1 Whitehall Place
London SW1A
UK
Elisa Segrave and Virginia Nicholson in discussion, chaired by Anne Sebba
During the two word wars, women of all classes worked who had never worked before entered the workforce for the first time, in many cases doing jobs hitherto done only by men. Young women who had been in domestic service left it, never to return, to do jobs in munitions factories, shops, as car mechanics, land girls, as drivers and also, in ENSA, entertaining the troops.
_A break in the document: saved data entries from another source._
lemma AE_convergent_subseq_if_L2_Cauchy:
  fixes F :: "nat \<Rightarrow> real \<Rightarrow> complex"
  assumes L: "\<And>n. L2 (F n)"
    and Cauchy: "\<And>e. e > 0 \<Longrightarrow> \<exists>N. \<forall>m\<ge>N. \<forall>n\<ge>N. sqnorm (\<lambda>x. F m x - F n x) < e"
  shows "\<exists>r. (\<forall>k. k \<le> r k) \<and> (AE x in lborel. convergent (\<lambda>k. F (r k) x))"
proof -
  obtain N :: "real \<Rightarrow> nat"
    where N: "\<And>e m n. e > 0 \<Longrightarrow> m \<ge> N e \<Longrightarrow> n \<ge> N e \<Longrightarrow> sqnorm (\<lambda>x. F m x - F n x) < e"
    using Cauchy by metis
  define r where "r k = (\<Sum>j\<le>k. N ((1/8)^j)) + k" for k
  have rN: "N ((1/8)^k) \<le> r k" for k
    using member_le_sum[of k "{..k}" "\<lambda>j. N ((1/8)^j)"] by (simp add: r_def)
  have r_mono: "r k \<le> r (Suc k)" and r_ge: "k \<le> r k" for k
    by (simp_all add: r_def)
  define d where "d k x = F (r (Suc k)) x - F (r k) x" for k x
  have "AE x in lborel. summable (\<lambda>k. d k x)"
  proof (rule AE_summable_if_sqnorm_le_power)
    show "L2 (d k)" for k unfolding d_def by (intro L2_diff L)
    show "sqnorm (d k) \<le> (1/8)^k" for k
      unfolding d_def using N[of "(1/8)^k" "r (Suc k)" "r k"] rN[of k] r_mono[of k] by simp
  qed
  then have "AE x in lborel. convergent (\<lambda>k. F (r k) x)"
  proof eventually_elim
    case (elim x)
    have "(\<lambda>k. F (r 0) x + (\<Sum>j<k. d j x)) \<longlonglongrightarrow> F (r 0) x + (\<Sum>j. d j x)"
      by (intro tendsto_add tendsto_const summable_LIMSEQ elim)
    moreover have "F (r 0) x + (\<Sum>j<k. d j x) = F (r k) x" for k
      unfolding d_def using sum_lessThan_telescope[of "\<lambda>j. F (r j) x" k] by simp
    ultimately show ?case by (auto simp: convergent_def)
  qed
  then show ?thesis using r_ge by blast
qed

lemma L2_complete:
  fixes F :: "nat \<Rightarrow> real \<Rightarrow> complex"
  assumes L: "\<And>n. L2 (F n)"
    and Cauchy: "\<And>e. e > 0 \<Longrightarrow> \<exists>N. \<forall>m\<ge>N. \<forall>n\<ge>N. sqnorm (\<lambda>x. F m x - F n x) < e"
  shows "\<exists>G. L2 G \<and> (\<lambda>n. sqnorm (\<lambda>x. F n x - G x)) \<longlonglongrightarrow> 0
             \<and> (\<forall>B. (\<forall>n. sqnorm (F n) \<le> B) \<longrightarrow> sqnorm G \<le> B)"
proof -
  have [measurable]: "\<And>n. F n \<in> borel_measurable lborel" using L by (simp add: L2_def)
  obtain N :: "real \<Rightarrow> nat"
    where N: "\<And>e m n. e > 0 \<Longrightarrow> m \<ge> N e \<Longrightarrow> n \<ge> N e \<Longrightarrow> sqnorm (\<lambda>x. F m x - F n x) < e"
    using Cauchy by metis
  obtain r where r_ge: "\<And>k. k \<le> r k" and conv: "AE x in lborel. convergent (\<lambda>k. F (r k) x)"
    using AE_convergent_subseq_if_L2_Cauchy[OF L Cauchy] by blast
  define G where "G x = lim (\<lambda>k. F (r k) x)" for x
  have [measurable]: "G \<in> borel_measurable lborel" unfolding G_def by measurable
  have F_to_G: "AE x in lborel. (\<lambda>k. F (r k) x) \<longlonglongrightarrow> G x"
    using conv by eventually_elim (simp add: G_def convergent_LIMSEQ_iff)
  have near: "L2 (\<lambda>x. F n x - G x) \<and> sqnorm (\<lambda>x. F n x - G x) \<le> e" if "e > 0" "n \<ge> N e" for e n
  proof -
    have "L2 (\<lambda>x. G x - F n x) \<and> sqnorm (\<lambda>x. G x - F n x) \<le> e"
    proof (rule L2_sqnorm_le_if_AE_tendsto)
      show "AE x in lborel. (\<lambda>k. F (r k) x - F n x) \<longlonglongrightarrow> G x - F n x"
        using F_to_G by eventually_elim (intro tendsto_intros)
      show "\<forall>\<^sub>F k in sequentially. L2 (\<lambda>x. F (r k) x - F n x) \<and> sqnorm (\<lambda>x. F (r k) x - F n x) \<le> e"
      proof (rule eventually_sequentiallyI)
        fix k assume "N e \<le> k"
        then have "N e \<le> r k" using r_ge[of k] by linarith
        then show "L2 (\<lambda>x. F (r k) x - F n x) \<and> sqnorm (\<lambda>x. F (r k) x - F n x) \<le> e"
          using N[OF \<open>e > 0\<close> _ \<open>n \<ge> N e\<close>] by (auto intro: L2_diff L less_imp_le)
      qed
    qed (use \<open>e > 0\<close> in auto)
    moreover have "L2 (\<lambda>x. - 1 * (G x - F n x))" using calculation by (intro L2_cmult) simp
    ultimately show ?thesis by (simp add: sqnorm_diff_commute[of "F n"])
  qed
  have "L2 G"
    using L2_diff[OF L[of "N 1"] conjunct1[OF near[of 1 "N 1"]]] by simp
  moreover have "(\<lambda>n. sqnorm (\<lambda>x. F n x - G x)) \<longlonglongrightarrow> 0"
  proof (rule LIMSEQ_I)
    fix e :: real assume "e > 0"
    then have "sqnorm (\<lambda>x. F n x - G x) < e" if "n \<ge> N (e/2)" for n
      using near[of "e/2" n] that by simp
    then show "\<exists>no. \<forall>n\<ge>no. norm (sqnorm (\<lambda>x. F n x - G x) - 0) < e"
      using sqnorm_nonneg by auto
  qed
  moreover have "sqnorm G \<le> B" if B: "\<forall>n. sqnorm (F n) \<le> B" for B
  proof -
    have "B \<ge> 0" using sqnorm_nonneg[of "F 0"] B[rule_format, of 0] by linarith
    then show ?thesis
      using L2_sqnorm_le_if_AE_tendsto[OF _ _ F_to_G, of B] B L by (simp add: always_eventually)
  qed
  ultimately show ?thesis by blast
qed

section \<open>The Fourier transform of integrable functions\<close>

lemma borel_measurable_cnj[measurable (raw)]:
  fixes f :: "'a \<Rightarrow> complex"
  shows "f \<in> borel_measurable M \<Longrightarrow> (\<lambda>x. cnj (f x)) \<in> borel_measurable M"
  by (rule borel_measurable_continuous_on[where f=cnj]) (auto intro: continuous_intros)

lemma (in pair_sigma_finite) integrable_pair_mult:
  fixes a :: "'a \<Rightarrow> real" and b :: "'b \<Rightarrow> real"
  assumes a: "integrable M1 a" and b: "integrable M2 b"
  shows "integrable (M1 \<Otimes>\<^sub>M M2) (\<lambda>(x, y). a x * b y)"
proof (rule Fubini_integrable)
  have [measurable]: "a \<in> borel_measurable M1" "b \<in> borel_measurable M2" using a b by auto
  show "(\<lambda>(x, y). a x * b y) \<in> borel_measurable (M1 \<Otimes>\<^sub>M M2)" by measurable
  show "integrable M1 (\<lambda>x. \<integral>y. norm (case (x, y) of (x, y) \<Rightarrow> a x * b y) \<partial>M2)"
    using a by (simp add: abs_mult integrable_abs)
  show "AE x in M1. integrable M2 (\<lambda>y. case (x, y) of (x, y) \<Rightarrow> a x * b y)"
    using b by simp
qed
(* Assume $\sigma$ is $1$-Lipschitz and $\sigma(0)=0$. Let $\bar w=(\bar w_1,\bar w_2)\in\mathsf W$ be a minimizer of $w\mapsto\|f_w-f_{\mathbf P}\|_{\mathbb L_2(\mu)}$ and $p=\mathcal N(\bar w_1,\tau_1^2\mathbf I_{D_0D_1})\otimes\mathcal N(\bar w_2,\tau_2^2\mathbf I_{D_1D_2})$ with $\tau_1,\tau_2>0$. Then, with $G_1(w)=\|f_w-f_{w_1,\bar w_2}\|^2_{\mathbb L_2(\mu)}$, $$\int_{\mathsf W}G_1(w)\,p(dw)\le M_2^2D_0D_1D_2\tau_1^2\tau_2^2+\bar M_2^2D_2\|\bar w_1\|_F^2\tau_2^2.$$
   Context: $\mathcal X\subset\mathbb R^{D_0}$ Borel, $\mu$ a $\sigma$-finite measure on $\mathcal X$, $M_2^2=D_0^{-1}\int\|x\|_2^2\mu(dx)<\infty$, $\bar M_2^2:=\|\int_{\mathcal X}xx^\top\mu(dx)\|_{\mathrm{sp}}$ (spectral norm), $\|f\|^2_{\mathbb L_2(\mu)}=\int\|f(x)\|_2^2\mu(dx)$, $f_{\mathbf P}\in\mathbb L_2(\mu)$ a given target. Parameters $w=(w_1,w_2)\in\mathsf W=\mathbb R^{D_0\times D_1}\times\mathbb R^{D_1\times D_2}$; $f_w=f_{w_1,w_2}$, $f_w(x)=w_2^\top\bar\sigma(w_1^\top x)$, $\bar\sigma$ coordinatewise; $\|\cdot\|_F$ Frobenius norm. *)

theory Defs
  imports "HOL-Probability.Probability"
begin

definition act_vec :: "(real \<Rightarrow> real) \<Rightarrow> real^'n \<Rightarrow> real^'n" where
  "act_vec \<sigma> v = (\<chi> j. \<sigma> (v $ j))"

text \<open>Two-layer network f_w(x) = w2^T sigma(w1^T x), w1 : D0 x D1, w2 : D1 x D2.\<close>
definition net :: "(real \<Rightarrow> real) \<Rightarrow> real^'n1^'n0 \<Rightarrow> real^'n2^'n1 \<Rightarrow> real^'n0 \<Rightarrow> real^'n2" where
  "net \<sigma> w1 w2 x = transpose w2 *v act_vec \<sigma> (transpose w1 *v x)"

definition L2_dist_sq :: "'a measure \<Rightarrow> ('a \<Rightarrow> 'b::real_normed_vector) \<Rightarrow> ('a \<Rightarrow> 'b) \<Rightarrow> ennreal" where
  "L2_dist_sq \<mu> f g = (\<integral>\<^sup>+ x. ennreal ((norm (f x - g x))\<^sup>2) \<partial>\<mu>)"

definition frob_norm :: "real^'m^'n \<Rightarrow> real" where
  "frob_norm A = sqrt (\<Sum>i\<in>UNIV. \<Sum>j\<in>UNIV. (A $ i $ j)\<^sup>2)"

definition M2_sq :: "(real^'n0) measure \<Rightarrow> real" where
  "M2_sq \<mu> = (\<integral> x. (norm x)\<^sup>2 \<partial>\<mu>) / real CARD('n0)"

definition second_moment :: "(real^'n0) measure \<Rightarrow> real^'n0^'n0" where
  "second_moment \<mu> = (\<chi> i j. \<integral> x. x $ i * x $ j \<partial>\<mu>)"

definition Mbar2_sq :: "(real^'n0) measure \<Rightarrow> real" where
  "Mbar2_sq \<mu> = onorm (\<lambda>v. second_moment \<mu> *v v)"

definition gauss_mat :: "real^'m^'n \<Rightarrow> real \<Rightarrow> (real^'m^'n) measure" where
  "gauss_mat m \<tau> = density lborel
     (\<lambda>w. ennreal (\<Prod>i\<in>UNIV. \<Prod>j\<in>UNIV. normal_density (m $ i $ j) \<tau> (w $ i $ j)))"

end

theory Submission
  imports Defs
begin
(* $\mathfrak{L}(\mathrm{rtDBVA}(1))=\mathfrak{L}(\mathrm{1DFAMW})$.
   Context: $\mathfrak{L}(A)$ denotes the class of languages recognized by machines of type $A$. A real-time deterministic blind vector automaton of dimension $k$ ($\mathrm{rtDBVA}(k)$) is a 6-tuple $(Q,\Sigma,\delta,q_0,Q_a,v)$ with finite state set $Q$, initial state $q_0$, accept states $Q_a$, initial row vector $v\in\mathbb{Q}^k$ (freely chosen), and $\delta:Q\times(\Sigma\cup\{\cent,\$\})\to Q\times S$, $S$ the set of $k\times k$ rational matrices; the input $w$ is read as $\cent w\$$ left to right, one symbol per step, and $\delta(q,\sigma)=(q',M)$ means that in state $q$ reading $\sigma$ the machine goes to $q'$ and multiplies its row vector on the right by $M$. The input is accepted iff after processing $\$$ the state is in $Q_a$ and the first vector entry equals $1$. A one-way deterministic finite automaton with multiplication without equality (1DFAMW) is a 6-tuple $(Q,\Sigma,\delta,q_0,Q_a,\Gamma)$ with $\Gamma$ a finite set of rationals and a rational register initially $1$; the tape holds $\cent w\$$; $\delta:Q\times(\Sigma\cup\{\cent,\$\})\to Q\times\{\downarrow,\rightarrow\}\times\Gamma$, and $\delta(q,\sigma)=(q',d,\gamma)$ means that in state $q$ reading $\sigma$ it goes to $q'$, keeps the head in place ($\downarrow$) or moves it one cell right ($\rightarrow$), and multiplies the register by $\gamma$. The input is accepted iff the machine enters an accept state with register value $1$ after scanning $\$$. *)

theory Defs
  imports Complex_Main
begin

datatype 'a tsym = Cent | Dollar | Sym 'a

definition tape :: "'a list \<Rightarrow> 'a tsym list" where
  "tape w = Cent # map Sym w @ [Dollar]"

definition tape_syms :: "'a set \<Rightarrow> 'a tsym set" where
  "tape_syms \<Sigma> = Sym ` \<Sigma> \<union> {Cent, Dollar}"

text \<open>Row vectors of dimension k are functions nat => rat (entries 0..k-1),
  k x k matrices are functions nat => nat => rat (entries below k).\<close>

definition vec_mat_mult :: "nat \<Rightarrow> (nat \<Rightarrow> rat) \<Rightarrow> (nat \<Rightarrow> nat \<Rightarrow> rat) \<Rightarrow> (nat \<Rightarrow> rat)" where
  "vec_mat_mult k v M = (\<lambda>j. if j < k then (\<Sum>i<k. v i * M i j) else 0)"

definition is_vec :: "nat \<Rightarrow> (nat \<Rightarrow> rat) \<Rightarrow> bool" where
  "is_vec k v \<longleftrightarrow> (\<forall>i\<ge>k. v i = 0)"

definition is_mat :: "nat \<Rightarrow> (nat \<Rightarrow> nat \<Rightarrow> rat) \<Rightarrow> bool" where
  "is_mat k M \<longleftrightarrow> (\<forall>i j. (k \<le> i \<or> k \<le> j) \<longrightarrow> M i j = 0)"

fun rtDBVA_run :: "nat \<Rightarrow> (nat \<Rightarrow> 'a tsym \<Rightarrow> nat \<times> (nat \<Rightarrow> nat \<Rightarrow> rat))
    \<Rightarrow> nat \<times> (nat \<Rightarrow> rat) \<Rightarrow> 'a tsym list \<Rightarrow> nat \<times> (nat \<Rightarrow> rat)" where
  "rtDBVA_run k \<delta> c [] = c"
| "rtDBVA_run k \<delta> (q, v) (s # ss) =
     rtDBVA_run k \<delta> (fst (\<delta> q s), vec_mat_mult k v (snd (\<delta> q s))) ss"

definition rtDBVA_wf ::
  "nat \<Rightarrow> 'a set \<Rightarrow> nat set \<Rightarrow> (nat \<Rightarrow> 'a tsym \<Rightarrow> nat \<times> (nat \<Rightarrow> nat \<Rightarrow> rat))
     \<Rightarrow> nat \<Rightarrow> nat set \<Rightarrow> (nat \<Rightarrow> rat) \<Rightarrow> bool" where
  "rtDBVA_wf k \<Sigma> Q \<delta> q0 Qa v \<longleftrightarrow>
     finite Q \<and> q0 \<in> Q \<and> Qa \<subseteq> Q \<and> is_vec k v \<and>
     (\<forall>q\<in>Q. \<forall>s\<in>tape_syms \<Sigma>. fst (\<delta> q s) \<in> Q \<and> is_mat k (snd (\<delta> q s)))"

definition rtDBVA_accepts ::
  "nat \<Rightarrow> (nat \<Rightarrow> 'a tsym \<Rightarrow> nat \<times> (nat \<Rightarrow> nat \<Rightarrow> rat)) \<Rightarrow> nat \<Rightarrow> nat set
     \<Rightarrow> (nat \<Rightarrow> rat) \<Rightarrow> 'a list \<Rightarrow> bool" where
  "rtDBVA_accepts k \<delta> q0 Qa v w \<longleftrightarrow>
     (let (q, u) = rtDBVA_run k \<delta> (q0, v) (tape w) in q \<in> Qa \<and> u 0 = 1)"

definition rtDBVA_langs :: "nat \<Rightarrow> 'a set \<Rightarrow> 'a list set set" where
  "rtDBVA_langs k \<Sigma> = {L. \<exists>Q \<delta> q0 Qa v. rtDBVA_wf k \<Sigma> Q \<delta> q0 Qa v \<and>
       L = {w \<in> lists \<Sigma>. rtDBVA_accepts k \<delta> q0 Qa v w}}"

datatype dir = Stay | Right

text \<open>Configuration: (state, head position on the tape, register value).
  Once the head has moved off the right end (past the dollar) the machine
  has halted; the step function is then the identity.\<close>
definition DFAMW_step :: "(nat \<Rightarrow> 'a tsym \<Rightarrow> nat \<times> dir \<times> rat) \<Rightarrow> 'a tsym list
    \<Rightarrow> nat \<times> nat \<times> rat \<Rightarrow> nat \<times> nat \<times> rat" where
  "DFAMW_step \<delta> t c = (case c of (q, i, r) \<Rightarrow>
     if i < length t then
       (case \<delta> q (t ! i) of (q', d, \<gamma>) \<Rightarrow>
          (q', (if d = Right then Suc i else i), r * \<gamma>))
     else c)"

definition DFAMW_wf ::
  "'a set \<Rightarrow> nat set \<Rightarrow> (nat \<Rightarrow> 'a tsym \<Rightarrow> nat \<times> dir \<times> rat) \<Rightarrow> nat \<Rightarrow> nat set
     \<Rightarrow> rat set \<Rightarrow> bool" where
  "DFAMW_wf \<Sigma> Q \<delta> q0 Qa \<Gamma> \<longleftrightarrow>
     finite Q \<and> q0 \<in> Q \<and> Qa \<subseteq> Q \<and> finite \<Gamma> \<and>
     (\<forall>q\<in>Q. \<forall>s\<in>tape_syms \<Sigma>. fst (\<delta> q s) \<in> Q \<and> snd (snd (\<delta> q s)) \<in> \<Gamma>)"

definition DFAMW_accepts ::
  "(nat \<Rightarrow> 'a tsym \<Rightarrow> nat \<times> dir \<times> rat) \<Rightarrow> nat \<Rightarrow> nat set \<Rightarrow> 'a list \<Rightarrow> bool" where
  "DFAMW_accepts \<delta> q0 Qa w \<longleftrightarrow>
     (\<exists>n. case (DFAMW_step \<delta> (tape w) ^^ n) (q0, 0, 1) of (q, i, r) \<Rightarrow>
            i = length (tape w) \<and> q \<in> Qa \<and> r = 1)"

definition DFAMW_langs :: "'a set \<Rightarrow> 'a list set set" where
  "DFAMW_langs \<Sigma> = {L. \<exists>Q \<delta> q0 Qa \<Gamma>. DFAMW_wf \<Sigma> Q \<delta> q0 Qa \<Gamma> \<and>
       L = {w \<in> lists \<Sigma>. DFAMW_accepts \<delta> q0 Qa w}}"

end

theory Submission
  imports Defs
begin

text \<open>A one-dimensional blind vector automaton is a real-time finite automaton whose rational
  register is multiplied by a weight at every step. A 1DFAMW may in addition pause on a
  symbol, but by determinism its stay phase on a symbol from a given state is fixed, so the
  phase can be replaced by a single real-time transition weighted by the product of the
  weights met. A phase that never leaves the symbol rejects; the real-time machine imitates
  this with weight 0, since a register equal to 0 stays 0. Conversely a real-time machine is
  a 1DFAMW that always moves right, with the initial vector entry folded into the weight
  read on the left end marker.\<close>

fun weighted_run :: "(nat \<Rightarrow> 'a \<Rightarrow> nat \<times> rat) \<Rightarrow> nat \<times> rat \<Rightarrow> 'a list \<Rightarrow> nat \<times> rat" where
  "weighted_run f c [] = c"
| "weighted_run f (q, x) (s # ss) = weighted_run f (fst (f q s), x * snd (f q s)) ss"

lemma weighted_run_zero: "snd (weighted_run f (q, 0) ss) = 0"
  by (induction ss arbitrary: q) auto

lemma weighted_run_cong:
  "(\<And>q s. s \<in> set ss \<Longrightarrow> f q s = g q s) \<Longrightarrow> weighted_run f c ss = weighted_run g c ss"
  by (induction ss arbitrary: c) (auto split: prod.splits)

definition entry_transitions ::
  "(nat \<Rightarrow> 'a \<Rightarrow> nat \<times> (nat \<Rightarrow> nat \<Rightarrow> rat)) \<Rightarrow> nat \<Rightarrow> 'a \<Rightarrow> nat \<times> rat" where
  "entry_transitions \<delta> q s = (fst (\<delta> q s), snd (\<delta> q s) 0 0)"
As a social historian, Virginia Nicholson has explored the impact of both wars on women’s lives. The slaughter of the First World War left a generation of two million ‘surplus women’ who had to reinvent themselves, economically and emotionally. The Second World War demonstrated that women of all ages – in the services and on the Home Front – were cleverer, more broad-minded and more complex that even they themselves had guessed.
Elisa Segrave focuses on her mother Anne’s war diaries, in which she found a very different person from the needy and helpless one she had known: a competent and responsible woman of whom she could be proud, who had worked in intelligence and at Bletchley Park. After she was demobbed in 1945, however, she never worked again – something that her diaries make clear she regretted.
The authors will discuss writing about women and war, and how being in two world wars radically affected women’s lives, often changing them irrevocably. The discussion will be chaired by Anne Sebba.